Zickzackkurs der Landesregierung bei der Beamtenbesoldung in Rheinland-Pfalz

13. Juni 2014 | Themenbereich: Bund Deutscher Kriminalbeamter, Interessenvertretungen, Rheinland-Pfalz | Drucken

Mündliche Anfrage in die Fragestunde der 71. Sitzung des Landtags Rheinland-Pfalz am Donnerstag, dem 15. Mai 2014

Von den Landtagsabgeordneten Bernhard Henter und Gerd Schreiner (beide CDU) wurde folgende Anfrage gehalten:

„Mit der Verabschiedung des Dienstrechtsänderungsgesetzes zur Verbesserung der Haushaltsfinanzierung im Jahr 2011 haben die Koalitionsfraktionen von Rot/Grün gegen die Stimmen der CDU beschlossen, die Erhöhung der Beamtenbesoldung für fünf Jahre drastisch einzuschränken und auf lange Sicht zu deckeln.

Mit Wirkung ab dem 1. Januar 2012 wurde festgelegt, dass die rheinland-pfälzischen Beamtinnen und Beamten für die Jahre 2012 bis einschließlich 2016 jährlich lediglich eine prozentuale Erhöhung von 1 v. H. erhalten. Diesen Weg hat die Landesregierung eingeschlagen, obwohl erhebliche verfassungsrechtliche Bedenken bestehen und vor diesem Hintergrund Klagen von Beamten zu erwarten waren. Außerdem ist es nicht vertretbar, eine Berufsgruppe von der allgemeinen Lohnentwicklung abzukoppeln.

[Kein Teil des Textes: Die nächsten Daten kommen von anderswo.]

text \<open>Provable equality turns monitors into a join-semilattice, ordered by
  \<open>m \<sqsubseteq> n \<longleftrightarrow> n = n + m\<close>. By (D) and (E) every monitor is provably the join of its
  paths \<open>a\<^sub>1.\<dots>.a\<^sub>k.l\<close>, whose leaf l is yes, no or a variable; so it suffices to show that every
  path of m lies below n when \<open>m \<simeq> n\<close>. For a verdict path \<open>s.v\<close>, substitute end for all
  variables: then n also reaches v along s, hence has a path \<open>s'.v\<close> with s' a prefix of s, and
  \<open>s'.v\<close> absorbs \<open>s.v\<close> by (Y) and (N). For a variable path \<open>s.x\<close>, pick an action b occurring
  neither in s nor in n (Act is infinite) and substitute \<open>b.v\<close> for x. Either n has the path
  \<open>s.x\<close> itself, or n reaches both yes and no along prefixes of s; in the latter case the
  absorption of everything by yes + no (O1) puts \<open>s.x\<close> below n.\<close>

abbreviation provable :: "'a mon \<Rightarrow> 'a mon \<Rightarrow> bool" (infix "=\<^sub>E" 50) where
  "m =\<^sub>E n \<equiv> derivable axiom m n"

lemmas provable_trans [trans] = derivable.trans[of axiom]

lemma provable_axiom: "axiom l r \<Longrightarrow> subst \<sigma> l =\<^sub>E subst \<sigma> r"
  by (rule derivable.subst[OF derivable.ax])
lemma shanks_sum_diag_Suc:
  "shanks_sum x (Suc n) (Suc n) = shanks_sum x n n
     + (-1) ^ Suc n * (x ^ (Suc n * Suc n + triangular (Suc n)) + x ^ (Suc n * Suc n + triangular n))"
proof -
  define Y c s where "Y = shanks_sum x n (Suc n)" and "c = 1 - x ^ Suc n" and "s = (-1 :: 'a) ^ n"
  define p1 p2 where "p1 = x ^ (Suc n * Suc n + triangular (Suc n))" and "p2 = x ^ (Suc n * Suc n + triangular n)"
  have "shanks_sum x (Suc n) (Suc n) = c * Y - s * p1"
    unfolding shanks_sum_Suc Y_def c_def s_def p1_def by simp
  moreover have "shanks_sum x n n = c * Y + s * p2"
    unfolding shanks_sum_shift[of x n n] Y_def c_def s_def p2_def ..
  ultimately show ?thesis
    unfolding p1_def[symmetric] p2_def[symmetric] power_Suc[of "-1"] s_def[symmetric]
    by (simp add: algebra_simps)
qed

lemma norm_shanks_prod_le:
  fixes x :: "'a::real_normed_field"
  assumes "norm x < 1"
  shows "norm (shanks_prod x n k) \<le> exp (1 / (1 - norm x))"
proof -
  have "norm (shanks_prod x n k) \<le> (\<Prod>i\<in>{Suc k..n}. exp (norm x ^ i))"
    unfolding shanks_prod_def
  proof (rule order.trans[OF norm_prod_le prod_mono], safe)
    fix i
    have "norm (1 - x ^ i) \<le> 1 + norm x ^ i"
      using norm_triangle_ineq4[of 1 "x ^ i"] by (simp add: norm_power)
    also have "\<dots> \<le> exp (norm x ^ i)"
      by (rule exp_ge_add_one_self)
    finally show "norm (1 - x ^ i) \<le> exp (norm x ^ i)" .
  qed simp
  also have "\<dots> = exp (\<Sum>i\<in>{Suc k..n}. norm x ^ i)"
    by (simp add: exp_sum)
  also have "(\<Sum>i\<in>{Suc k..n}. norm x ^ i) \<le> (\<Sum>i. norm x ^ i)"
    using assms by (intro sum_le_suminf summable_geometric) auto
  also have "(\<Sum>i. norm x ^ i) = 1 / (1 - norm x)"
    using assms by (simp add: suminf_geometric)
  finally show ?thesis
    by simp
qed
theorem lemma5p4:
  fixes f :: "'a::{field,finite} poly"
    and G :: "'a poly set"
  assumes "lead_coeff f = 1"
    and "finite G"
    and "recip_M f = [:-1, 1:] ^ 2 * (\<Prod>g\<in>G. g)"
    and "\<forall>g\<in>G. lead_coeff g = 1 \<and> irreducible g \<and> g \<noteq> [:-1, 1:] \<and> g \<noteq> [:1, 1:]"
  defines "H \<equiv> gal_group (const_poly (recip_M f) + monom tvar (degree f))"
    and "N \<equiv> pair_kernel (const_poly (recip_M f) + monom tvar (degree f))"
  shows "H Mod N \<cong> gal_group (const_poly f + [:tvar:])
     \<and> (\<forall>H0. subgroup H0 H \<longrightarrow> H0 \<inter> N = {id} \<longrightarrow> H\<lparr>carrier := H0\<rparr> \<cong> H Mod N
            \<longrightarrow> H\<lparr>carrier := H0\<rparr> \<cong> gal_group (const_poly f + [:tvar:]))"
proof -
  interpret gal_restriction "recip_Mt f" "f_plus_t f"
    by (rule gal_restriction_recip_Mt)
  have "H Mod N \<cong> gal_group (f_plus_t f)"
    unfolding H_def N_def pair_kernel_recip_Mt by (rule gal_group_Mod_iso)
  then show ?thesis
    using iso_trans by blast
qed

end
(* Let $\Omega\subset\mathbb{R}^N$ be a bounded Lipschitz domain with outward unit normal $n$, let $A:\bar\Omega\to\mathcal{M}_{N\times N}(\mathbb{R})$ be a smooth uniformly elliptic matrix field, let $r\in C^{0,1}(\bar\Omega)$ with $r>0$, let $k\in C^{0,1}(\bar\Omega)$ with $k>0$, and let $p\ge1$. Let $\lambda_1$ be the first eigenvalue of $\nabla\cdot(A\nabla\,\cdot)+r$ with Neumann boundary condition and $\phi_1>0$ an associated eigenfunction ($\nabla\cdot(A\nabla\phi_1)+r\phi_1=-\lambda_1\phi_1$ in $\Omega$, $\partial_n\phi_1=0$ on $\partial\Omega$). If $\lambda_1<0$, then there exists $\mu>0$ such that $\mu\phi_1$ is a positive stationary solution of $$\frac{\partial u}{\partial t}=u\Big(r(x)-\int_\Omega k(y)|u(t,y)|^p\,dy\Big)+\nabla\cdot(A(x)\nabla u)\ \text{ in }(0,\infty)\times\Omega,\qquad\frac{\partial u}{\partial n}=0\ \text{ on }(0,\infty)\times\partial\Omega.$$ *)

theory Defs
  imports "HOL-Analysis.Analysis"
begin

text \<open>Space R^N is modelled as real^'n with 'n a finite index type (N = CARD('n)).\<close>

definition grad :: "(real^'n \<Rightarrow> real) \<Rightarrow> real^'n \<Rightarrow> real^'n" where
  "grad f x = (\<chi> i. frechet_derivative f (at x) (axis i 1))"

definition divergence :: "(real^'n \<Rightarrow> real^'n) \<Rightarrow> real^'n \<Rightarrow> real" where
  "divergence F x = (\<Sum>i\<in>UNIV. frechet_derivative F (at x) (axis i 1) $ i)"

fun Ck_on :: "nat \<Rightarrow> (real^'n) set \<Rightarrow> (real^'n \<Rightarrow> real) \<Rightarrow> bool" where
  "Ck_on 0 U f = continuous_on U f"
| "Ck_on (Suc k) U f = (continuous_on U f \<and> (\<forall>x\<in>U. f differentiable (at x)) \<and>
      (\<forall>i. Ck_on k U (\<lambda>x. frechet_derivative f (at x) (axis i 1))))"

definition smooth_matrix_on :: "(real^'n) set \<Rightarrow> (real^'n \<Rightarrow> real^'n^'n) \<Rightarrow> bool" where
  "smooth_matrix_on S A \<longleftrightarrow> (\<exists>U. open U \<and> S \<subseteq> U \<and>
      (\<forall>i j k. Ck_on k U (\<lambda>x. A x $ i $ j)))"

definition uniformly_elliptic_on :: "(real^'n) set \<Rightarrow> (real^'n \<Rightarrow> real^'n^'n) \<Rightarrow> bool" where
  "uniformly_elliptic_on S A \<longleftrightarrow> (\<exists>\<theta>>0. \<forall>x\<in>S. \<forall>\<xi>. (A x *v \<xi>) \<bullet> \<xi> \<ge> \<theta> * (norm \<xi>)\<^sup>2)"
(* Let $G$ be a multi-player game with arena $(\Pi,V,(V_i)_{i\in\Pi},E)$, payoff functions $f_i:Plays\to P_i$ and strict total orders $\prec_i$ on $P_i$. Assume that for every $i\in\Pi$: (a) for all plays $h\rho,h\rho'$ with $h$ a history, $f_i(\rho)\preceq_i f_i(\rho')$ implies $f_i(h\rho)\preceq_i f_i(h\rho')$; and (b) the two-player zero-sum game $G_i$ has uniform optimal strategies for both players. Then for every $v_0\in V$ there exists a finite-memory Nash equilibrium in $(G,v_0)$.
   Context: An arena is $(\Pi,V,(V_i)_{i\in\Pi},E)$ with $\Pi$ a finite set of players, $V$ a finite set of vertices, $E\subseteq V\times V$ such that every vertex has an outgoing edge, and $(V_i)_{i\in\Pi}$ a partition of $V$ ($V_i$ controlled by player $i$). Plays are infinite paths, histories nonempty finite paths; $Plays(v_0)$, $Hist_i(v_0)$ denote plays from $v_0$ and histories from $v_0$ ending in $V_i$. Each player $i$ has a payoff function $f_i:Plays\to P_i$ and a strict total order $\prec_i$ on $P_i$; $p\preceq_i p'$ means $p\prec_i p'$ or $p=p'$. A strategy of player $i$ from $v_0$ maps each $hv\in Hist_i(v_0)$ to a successor of $v$. It is positional if it depends only on the last vertex, uniform if it is a positional strategy given by a map $v\mapsto\sigma(v)$ on all of $V_i$ (hence usable from every initial vertex), and finite-memory if it can be computed by a finite-state machine reading the history (finitely many memory states, a memory update on each vertex, and the next vertex determined by the current memory state and current vertex). A profile is finite-memory if all its strategies are. The outcome $\langle(\sigma_i)_{i\in\Pi}\rangle_{v_0}$ is the unique play from $v_0$ consistent with all strategies. A profile is a Nash equilibrium in $(G,v_0)$ if no player $i$ has a strategy $\sigma'_i$ with $f_i(\langle(\sigma_j)_j\rangle_{v_0})\prec_i f_i(\langle\sigma'_i,\sigma_{-i}\rangle_{v_0})$. The game $G_i$ is the two-player zero-sum game on the same arena where player $i$ (controlling $V_i$, using $f_i$ and $\prec_i$) plays against player $-i$, the coalition of the others (controlling $V\setminus V_i$). Optimal strategies from $v$: a strategy $\tau$ of player $i$ and $\tau'$ of player $-i$ and an element ${val}_i(v)$ such that ${val}_i(v)\preceq_i f_i(\rho)$ for all plays from $v$ consistent with $\tau$ and $f_i(\rho)\preceq_i{val}_i(v)$ for all plays from $v$ consistent with $\tau'$. "$G_i$ has uniform optimal strategies for both players" means there are uniform strategies of player $i$ and of player $-i$ that are optimal from every initial vertex $v\in V$. *)

theory Defs
  imports Main
begin
lemma idl_fp_rate_eq_power:
  "idl_fp_rate Phi m \<eta> L xs q
    = measure_pmf.prob (idl_rep_pmf Phi (m div \<eta>) L (insert q (set xs)))
        {h. idl_hash (m div \<eta>) h q \<in> idl_hash (m div \<eta>) h ` set xs} ^ \<eta>"
proof -
  let ?R = "idl_rep_pmf Phi (m div \<eta>) L (insert q (set xs))"
  let ?E = "{h. idl_hash (m div \<eta>) h q \<in> idl_hash (m div \<eta>) h ` set xs}"
  have query: "{hs. bloom_query m \<eta> hs xs q} = Pi {..<\<eta>} (\<lambda>_. ?E)"
    by (auto simp: bloom_query_def bloom_bits_def Pi_def)
  have "idl_fp_rate Phi m \<eta> L xs q = measure_pmf.prob (Pi_pmf {..<\<eta>} undefined (\<lambda>_. ?R)) (Pi {..<\<eta>} (\<lambda>_. ?E))"
    unfolding idl_fp_rate_def idl_filter_pmf_def query ..
  also have "\<dots> = (\<Prod>j\<in>{..<\<eta>}. measure_pmf.prob ?R ?E)"
    by (rule measure_Pi_pmf_Pi) simp
  finally show ?thesis by simp
qed

theorem theorem2:
  fixes Phi :: "('u \<Rightarrow> 'h) pmf" and m \<eta> L w1 w2 :: nat and xs :: "'u list" and q :: 'u
  assumes "\<eta> > 0" and "L > 0" and "\<eta> dvd m" and "m > 0"
    and "real w1 * real \<eta> \<le> real m"
    and "q \<notin> set xs"
    and A1: "\<forall>i<length xs. \<forall>j<length xs. w1 \<le> i - j \<or> w1 \<le> j - i \<longrightarrow> zeta Phi (xs ! i) (xs ! j) = 0"
    and A2: "card {x \<in> set xs. zeta Phi q x > 0} \<le> w2"
  shows "idl_fp_rate Phi m \<eta> L xs q \<le>
    (real w2 * (1 / real L + real \<eta> / real m)
      + 2 * (1 - (1 - real w1 * real \<eta> / real m) powr (real (length xs) / (2 * real w1)))) ^ \<eta>"
proof -
  define b where "b = m div \<eta>"
  have b: "real b = real m / real \<eta>"
    using \<open>\<eta> dvd m\<close> by (simp add: b_def real_of_nat_div)
  then have "b > 0" using assms(1,4) of_nat_0_less_iff by fastforce
  have "real \<eta> * real w1 \<le> real \<eta> * real b" using assms(1,5) b by (simp add: mult.commute)
  then have "w1 \<le> b" using assms(1) by simp
  have "measure_pmf.prob (idl_rep_pmf Phi b L (insert q (set xs))) {h. idl_hash b h q \<in> idl_hash b h ` set xs}
    \<le> real w2 * (1 / real L + real \<eta> / real m)
      + 2 * (1 - (1 - real w1 * real \<eta> / real m) powr (real (length xs) / (2 * real w1)))"
    using prob_idl_hash_hits_le[OF A1 A2 \<open>q \<notin> set xs\<close> \<open>b > 0\<close> \<open>L > 0\<close> \<open>w1 \<le> b\<close>] b by simp
  then show ?thesis
    unfolding idl_fp_rate_eq_power b_def[symmetric] by (intro power_mono) simp_all
qed

end
lemma clustering_weight_bound:
  assumes sg: "simple_graph V E" and sc: "subcubic V E" and u: "u \<in> V"
  shows "4 * clustering_weight E u + 7 * degree E u
    \<le> 21 + 4 * triangles_at E u + of_bool (u \<in> degree_two_on_triangle V E)"
proof -
  have "triangles_at E u \<le> degree E u choose 2" by (rule triangles_at_le_choose[OF sg])
  moreover have "degree E u \<le> 3" using sc u by (simp add: subcubic_def)
  ultimately show ?thesis using u unfolding clustering_weight_def degree_two_on_triangle_def
    by (cases "degree E u") (auto simp: numeral_eq_Suc le_Suc_eq)
qed

lemma sum_clustering_weight_le:
  assumes sg: "simple_graph V E" and sc: "subcubic V E" and conn: "connected_graph V E"
    and n: "card V \<ge> 5"
  shows "4 * (\<Sum>u\<in>V. clustering_weight E u) \<le> 7 * card V + 14"
proof -
  let ?A = "degree_two_on_triangle V E" and ?T = "\<Sum>v\<in>V. triangles_at E v"
  have fin: "finite V" using sg unfolding simple_graph_def by simp
  have "(\<Sum>u\<in>V. 4 * clustering_weight E u + 7 * degree E u)
      \<le> (\<Sum>u\<in>V. 21 + 4 * triangles_at E u + of_bool (u \<in> ?A))"
    by (intro sum_mono clustering_weight_bound[OF sg sc])
  moreover have "V \<inter> {u. u \<in> ?A} = ?A" unfolding degree_two_on_triangle_def by blast
  ultimately have "4 * (\<Sum>u\<in>V. clustering_weight E u) + 14 * card E \<le> 21 * card V + 4 * ?T + card ?A"
    using fin sum_degree_eq_twice_card_edges[OF sg]
    by (simp add: sum.distrib sum_distrib_left[symmetric])
  moreover have "3 * card V + ?T \<le> 3 * card E + 3" by (rule sum_triangles_at_le[OF sg sc conn n])
  moreover have "card ?A \<le> 2 * (\<Sum>x\<in>{x \<in> V. degree E x = 3}. triangles_at E x)"
    using card_degree_two_on_triangle_le[OF sg sc conn] n by simp
  ultimately show ?thesis using sum_triangles_at_split[OF sg sc] by linarith
qed

text \<open>Since \<open>4 K\<close> is a multiple of 4, \<open>4 K \<le> 7 n + 14\<close> sharpens to \<open>4 K \<le> 7 n + c\<close> with
  \<open>c \<in> {12, 13, 14, 11}\<close> chosen so that \<open>7 n + c\<close> is the largest multiple of 4 below \<open>7 n + 14\<close>.\<close>

lemma clustering_bound_of_weight_bound:
  fixes K n :: nat
  assumes K: "4 * K \<le> 7 * n + 14" and n: "0 < n"
  shows "real K / 3 / real n \<le> 7/12 +
    (if n mod 4 = 0 then 12 else if n mod 4 = 1 then 13
     else if n mod 4 = 2 then 14 else 11) / (12 * real n)"
proof -
  define c :: nat where "c = (if n mod 4 = 0 then 12 else if n mod 4 = 1 then 13
     else if n mod 4 = 2 then 14 else 11)"
  have "n mod 4 < 4" by simp
  then consider "n mod 4 = 0" | "n mod 4 = 1" | "n mod 4 = 2" | "n mod 4 = 3" by linarith
  then have "(7 * n + c) mod 4 = 0"
    unfolding c_def
    by cases (simp_all add: mod_add_left_eq[symmetric, of "7 * n"] mod_mult_right_eq[symmetric, of 7 n])
  moreover have "4 * K \<le> (7 * n + c) + 3" using K unfolding c_def by simp
  moreover have "4 * K \<le> m" if "4 * K \<le> m + 3" "m mod 4 = 0" for m :: nat
    using that by presburger
  ultimately have "4 * real K \<le> 7 * real n + real c" by fastforce
  moreover have "(if n mod 4 = 0 then 12 else if n mod 4 = 1 then 13
     else if n mod 4 = 2 then 14 else 11) = real c" by (simp add: c_def)
  ultimately show ?thesis using n by (simp add: field_simps)
qed

theorem theorem2:
  fixes V :: "'a set" and E :: "'a set set"
  assumes "simple_graph V E" and "connected_graph V E" and "subcubic V E"
    and "card V \<ge> 6"
  shows "clustering V E \<le> 7/12 +
    (if card V mod 4 = 0 then 12 else if card V mod 4 = 1 then 13
     else if card V mod 4 = 2 then 14 else 11) / (12 * real (card V))"
proof -
  have "(\<Sum>u\<in>V. local_clustering E u) = (\<Sum>u\<in>V. real (clustering_weight E u) / 3)"
    by (intro sum.cong refl local_clustering_eq_clustering_weight[OF assms(3)])
  also have "\<dots> = real (\<Sum>u\<in>V. clustering_weight E u) / 3"
    by (simp add: sum_divide_distrib)
  finally have "clustering V E = real (\<Sum>u\<in>V. clustering_weight E u) / 3 / real (card V)"
    unfolding clustering_def by (rule arg_cong)
  also have "\<dots> \<le> 7/12 +
    (if card V mod 4 = 0 then 12 else if card V mod 4 = 1 then 13
     else if card V mod 4 = 2 then 14 else 11) / (12 * real (card V))"
    using sum_clustering_weight_le[OF assms(1,3,2)] assms(4)
    by (intro clustering_bound_of_weight_bound) simp_all
  finally show ?thesis .
qed
lemma derivs_bounded_zero: "derivs_bounded N a b l (\<lambda>s u. 0)"
  by (induction N arbitrary: a b) (auto simp: weight_bounded_zero intro!: exI[of _ "\<lambda>s u. 0"])

lemma derivs_bounded_const: "derivs_bounded N 0 0 0 (\<lambda>s u. c)"
  by (cases N) (auto simp: weight_bounded_const derivs_bounded_zero intro!: exI[of _ "\<lambda>s u. 0"])

lemma derivs_bounded_var: "derivs_bounded N 1 0 0 (\<lambda>s u. s)"
  using weight_bounded_var by (cases N) (auto simp: derivs_bounded_zero intro!: exI[of _ "\<lambda>s u. 0"])

lemma derivs_bounded_shift: "derivs_bounded N a b l f \<Longrightarrow> derivs_bounded N (Suc a) (Suc b) l f"
proof (induction N arbitrary: a b f)
  case 0
  then show ?case by (simp add: weight_bounded_shift)
next
  case (Suc N)
  then obtain f' where "\<forall>s u. 0 < u \<longrightarrow> (f s has_vector_derivative f' s u) (at u)"
    "derivs_bounded N (Suc a) (b + 2) l f'" "weight_bounded a b l f" by auto
  then show ?case using Suc.IH by (auto intro!: exI[of _ f'] weight_bounded_shift)
qed

lemma derivs_bounded_log_mono: "derivs_bounded N a b l f \<Longrightarrow> l \<le> l' \<Longrightarrow> derivs_bounded N a b l' f"
proof (induction N arbitrary: a b f)
  case 0
  then show ?case by (simp add: weight_bounded_log_mono)
next
  case (Suc N)
  then obtain f' where "\<forall>s u. 0 < u \<longrightarrow> (f s has_vector_derivative f' s u) (at u)"
    "derivs_bounded N (Suc a) (b + 2) l f'" "weight_bounded a b l f" by auto
  then show ?case using Suc weight_bounded_log_mono by (auto intro!: exI[of _ f'])
qed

Im Gegensatz hierzu schlossen die Tarifverhandlungen im öffentlichen Dienst im Jahr 2013 mit einer Erhöhung von 2,65 Prozent (rückwirkend ab Januar 2013), sowie einer weiteren Steigerung ab Januar 2014 mit 2,95 Prozent ab. Jüngsten Pressemitteilungen zufolge kann sich die Landesregierung offenbar doch vorstellen, von ihrem Beschluss, den die CDU-Fraktion im Landtag von Rheinland-Pfalz nicht mitgetragen hat, nämlich der Deckelung der Anpassungen der Beamtenbesoldung und Versorgungsbezüge auf jährlich plus ein Prozent, ein Jahr vor der Landtagswahl aufzuheben. Dies gelte jedoch nur unter der Voraussetzung einer weiterhin positiven Entwicklung der Steuereinnahmen und mit Blick auf anstehende Tarifabschlüsse ab dem Jahr 2015.

Vor dem Hintergrund fragen wir die Landesregierung:

1. Aus welchen konkreten Gründen erfolgt die Ankündigung, die Aufhebung der derzeitigen Deckelung der Beamtenbesoldung auf ein Prozent jährlich zum jetzigen Zeitpunkt zu korrigieren (bitte konkrete Begründung)?

2. In welcher konkreten Höhe ist seitens der Landesregierung die jetzt beabsichtigte Anpassung der Beamtenbesoldungen vorgesehen?

3. Beabsichtigt die Landesregierung, die angekündigte Anpassung der Beamtenbesoldung ab 2015 in ihrer Höhe den Tarifabschlüssen anzugleichen? Wenn nein, warum nicht (bitte detaillierte Begründung)?

4. In welcher Höhe beabsichtigt die Landesregierung, die durch die verfügte Deckelung der Besoldungsanpassung der vergangenen Jahre eingetretenen Einkommensverluste der rheinland-pfälzischen Beamtinnen und Beamte finanziell auszugleichen?“

Obwohl die 1% Regelung ja vom Parlament beschlossen wurde, scheint jetzt ein Umdenken zu erfolgen und der BDK und mit ihm vermutlich alle Polizeibeamten sind auf die Antworten mehr als gespannt. Hat man im Urteil des Bundesverwaltungsgerichtes, in dem auf die Alimentationspflichten eingegangen wurde, erkannt dass man einen falschen Weg mit dieser 1 % Regelung eingeschlagen hat? Oder werden die darauf folgenden Ankündigungen nur hilflose Versuche sein, ein vernichtendes Urteil zu vermeiden? Die Klage gegen diese unerträgliche Regelung wird erfolgreich sein und wieder zeigen, wie wenig das Recht beachtet wurde. Wir sind gespannt, wie die Regierung aus dieser Nummer herauskommen will.